Search designers can define a configuration for internet search,
with index building, and a configuration for their site search,
without index building. In step 441 it is determined if the
resource indexed is related to a domain in the account database
with site search configuration. If the resource indexed is related
to a domain in the account database with site search configuration,
the site search configuration is retrieved in step 443 so the
account configuration may begin building a score. If the resource
is not related to a domain, the system configuration for site
search is obtained in step 442. After getting information about the
account configuration, the site search score is built in step 444.
The data is recorded into a memory spool container in step 445. In
step 447 the process determines if a limit on number of resources
written to spool has been reached. If the limit has not been
reached, the process returns to step 440. Once the limit is
reached, the spool is cleaned, and the data is written to a
database, "Site Search Spool Database" in step 448.
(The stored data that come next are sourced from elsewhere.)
lemma fin_linear_maps_I_P:
  assumes "fin_linear f"
    and "\<And>v m w n. (v, m) \<in> Wbasis \<Longrightarrow> (w, n) \<in> Wbasis \<Longrightarrow> fl v = fl w \<Longrightarrow>
           f (delta (v, m)) - f (delta (w, n)) \<in> I_P"
    and "x \<in> I_P"
  shows "f x \<in> I_P"
  using fin_linear_image_I_P[of f I_P_gens x] assms unfolding I_P_eq_span by blast

section \<open>Standardization and order-compatible pairs of words\<close>

definition order_compatible :: "(nat \<times> nat) set \<Rightarrow> bool" where
  "order_compatible R \<longleftrightarrow> (\<forall>p\<in>R. \<forall>q\<in>R. fst p \<le> fst q \<longleftrightarrow> snd p \<le> snd q)"

lemma order_compatible_subset: "order_compatible R \<Longrightarrow> S \<subseteq> R \<Longrightarrow> order_compatible S"
  unfolding order_compatible_def by blast

lemma order_compatible_Un:
  assumes "order_compatible R" "order_compatible S"
    and below: "\<And>p q. p \<in> R \<Longrightarrow> q \<in> S \<Longrightarrow> fst p < fst q \<and> snd p < snd q"
  shows "order_compatible (R \<union> S)"
  unfolding order_compatible_def
proof (intro ballI)
  fix p q assume "p \<in> R \<union> S" "q \<in> R \<union> S"
  then consider "p \<in> R" "q \<in> R" | "p \<in> S" "q \<in> S" | "p \<in> R" "q \<in> S" | "p \<in> S" "q \<in> R"
    by blast
  then show "fst p \<le> fst q \<longleftrightarrow> snd p \<le> snd q"
  proof cases
    case 3
    then show ?thesis using below[of p q] by simp
  next
    case 4
    then show ?thesis using below[of q p] by simp
  qed (use assms(1,2) in \<open>simp_all add: order_compatible_def\<close>)
qed

lemma order_compatible_shift:
  assumes "order_compatible R"
  shows "order_compatible ((\<lambda>(a, b). (a + m, b + n)) ` R)"
  unfolding order_compatible_def
proof (intro ballI)
  fix p q assume "p \<in> (\<lambda>(a, b). (a + m, b + n)) ` R" "q \<in> (\<lambda>(a, b). (a + m, b + n)) ` R"
  then obtain p' q' where "p' \<in> R" "q' \<in> R"
    and "p = (fst p' + m, snd p' + n)" "q = (fst q' + m, snd q' + n)"
    by auto
  then show "fst p \<le> fst q \<longleftrightarrow> snd p \<le> snd q"
    using assms unfolding order_compatible_def by simp
qed

lemma order_compatible_diag: "order_compatible ((\<lambda>c. (c, c)) ` A)"
  unfolding order_compatible_def by auto

lemma order_compatible_inj_on:
  assumes "order_compatible R"
  shows "inj_on fst R" "inj_on snd R"
  using assms unfolding order_compatible_def inj_on_def by (metis antisym order_refl prod_eqI)+

lemma order_compatible_card_le:
  assumes "order_compatible R" "(a, b) \<in> R"
  shows "card {x \<in> fst ` R. x \<le> a} = card {y \<in> snd ` R. y \<le> b}"
proof -
  have "{p \<in> R. fst p \<le> a} = {p \<in> R. snd p \<le> b}"
    using assms unfolding order_compatible_def by fastforce
  moreover have "{x \<in> fst ` R. x \<le> a} = fst ` {p \<in> R. fst p \<le> a}"
    and "{y \<in> snd ` R. y \<le> b} = snd ` {p \<in> R. snd p \<le> b}"
    by auto
  ultimately show ?thesis
    using order_compatible_inj_on[OF assms(1)]
    by (simp add: card_image inj_on_subset[of _ R])
qed

lemma length_fl [simp]: "length (fl v) = length v"
  by (simp add: fl_def)

lemma nth_fl: "i < length v \<Longrightarrow> fl v ! i = card {b \<in> set v. b \<le> v ! i}"
  by (simp add: fl_def)

lemma fl_eq_imp_length_eq: "fl v = fl w \<Longrightarrow> length v = length w"
  by (metis length_fl)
[0085] Referring to FIG. 8, after the site search is processed, the
cache data structure is processed. First a list of folders is
obtained in step 390. Then a list of words is gathered for each
folder in step 400 from a cache database 401. In the present
embodiment, each server in the cluster processes a different cache
word. Link status is obtained in step 402, which tells if the
resource is contained in the link relevance system. This
information is recorded into the cache data structure. Then, the
link score is obtained in step 403. The final score is calculated
in step 404, which comprises the link score, word score and
resource score. The data is recorded to an account cache database
in step 405. Site search information is processed in step 406
similarly to what is processed for the Idx data structure. This
site search data is recorded into a site search spool database in
step 407. The site search spool for the Idx and Cache data
structures are processed in step 408, and the data is recorded into
a site search database in step 409. The Idx and Cache account
indexes are published to a testing environment in step 410. After
this procedure is completed, the index files in the testing
environment can be promoted to a production environment. In doing
so, data is distributed to the nodes that build the search
accounts.
[0086] The foregoing procedure processes the system account index
files, processing all of the data from the search system, and
building the first X number of resources for each word. This
procedure is suited for once-processing. The following procedure
describes an exemplary process for the incremental building of a
system account index.
[0087] FIG. 10 is a flow diagram illustrating an exemplary process
for an incremental search account builder, in accordance with an
embodiment of the present invention. First a list of partition
files is obtained from an account spool in step 480 using account
an Idx spool database 481. Account spool data is then obtained from
Idx spool database 481 in step 482. New registers are processed in
step 483, then updates are processed in step 485, and deletes are
processed in step 486. The new register, update and delete data is
recorded into an account Idx database 484. The processing procedure
takes into account that some words do not exist in account indexes
and special logic is followed. If the partition does not exist,
logic is followed to create a partition with all of the words. If
the partition and word exists, the maximum score is reviewed and
compared to the resource score being processed. If the resource
score is higher than the maximum score, the data is recorded. Data
is fetched with a cursor, fetching from first register to last. For
each register, scores for new resources are compared, updated and
deleted. In the case of updating in step 485, the register is moved
from the old score position to a new score position within account
Idx database 484. In the case of deleting in step 486, the index
data is deleted from account Idx database 484. In step 487, site
search data is processed in a process similar to the process
illustrated by way of example in FIG. 9. Site search data is
processed for big domains. If the domain is big, it is determined
if a site search account exists for the domain, and if so, the data
is written to a site search spool database 488.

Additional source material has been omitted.